text \<open>A graph is given by a vertex set V, an edge set E (edges are abstract, so multiple
  edges and loops are allowed), source/target maps src, tgt, and front/back words fr, bk.\<close>

definition indeg :: "'e set \<Rightarrow> ('e \<Rightarrow> 'v) \<Rightarrow> 'v \<Rightarrow> nat" where
  "indeg E tgt v = card {e\<in>E. tgt e = v}"

definition outdeg :: "'e set \<Rightarrow> ('e \<Rightarrow> 'v) \<Rightarrow> 'v \<Rightarrow> nat" where
  "outdeg E src v = card {e\<in>E. src e = v}"

definition distributing :: "'e set \<Rightarrow> ('e \<Rightarrow> 'v) \<Rightarrow> ('e \<Rightarrow> 'v) \<Rightarrow> 'v \<Rightarrow> bool" where
  "distributing E src tgt v \<longleftrightarrow> indeg E tgt v = 1 \<and> outdeg E src v > 1"

definition collecting :: "'e set \<Rightarrow> ('e \<Rightarrow> 'v) \<Rightarrow> ('e \<Rightarrow> 'v) \<Rightarrow> 'v \<Rightarrow> bool" where
  "collecting E src tgt v \<longleftrightarrow> indeg E tgt v > 1 \<and> outdeg E src v = 1"

definition graph_with_words ::
  "'v set \<Rightarrow> 'e set \<Rightarrow> ('e \<Rightarrow> 'v) \<Rightarrow> ('e \<Rightarrow> 'v) \<Rightarrow> bool" where
  "graph_with_words V E src tgt \<longleftrightarrow>
     finite V \<and> finite E \<and>
     (\<forall>e\<in>E. src e \<in> V \<and> tgt e \<in> V) \<and>
     (\<forall>v\<in>V. \<forall>w\<in>V. (v, w) \<in> {(src e, tgt e) | e. e \<in> E}\<^sup>*) \<and>
     (\<forall>v\<in>V. distributing E src tgt v \<or> collecting E src tgt v)"

definition is_path :: "'e set \<Rightarrow> ('e \<Rightarrow> 'v) \<Rightarrow> ('e \<Rightarrow> 'v) \<Rightarrow> 'e list \<Rightarrow> bool" where
  "is_path E src tgt s \<longleftrightarrow>
     s \<noteq> [] \<and> set s \<subseteq> E \<and> (\<forall>i. Suc i < length s \<longrightarrow> tgt (s ! i) = src (s ! Suc i))"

Task brief: When you retype the data above, start at its first line, stop after the line containing "v = 1 \<and>", and leave out everything else.

Exercise answer:
text \<open>A graph is given by a vertex set V, an edge set E (edges are abstract, so multiple
  edges and loops are allowed), source/target maps src, tgt, and front/back words fr, bk.\<close>

definition indeg :: "'e set \<Rightarrow> ('e \<Rightarrow> 'v) \<Rightarrow> 'v \<Rightarrow> nat" where
  "indeg E tgt v = card {e\<in>E. tgt e = v}"

definition outdeg :: "'e set \<Rightarrow> ('e \<Rightarrow> 'v) \<Rightarrow> 'v \<Rightarrow> nat" where
  "outdeg E src v = card {e\<in>E. src e = v}"

definition distributing :: "'e set \<Rightarrow> ('e \<Rightarrow> 'v) \<Rightarrow> ('e \<Rightarrow> 'v) \<Rightarrow> 'v \<Rightarrow> bool" where
  "distributing E src tgt v \<longleftrightarrow> indeg E tgt v = 1 \<and> outdeg E src v > 1"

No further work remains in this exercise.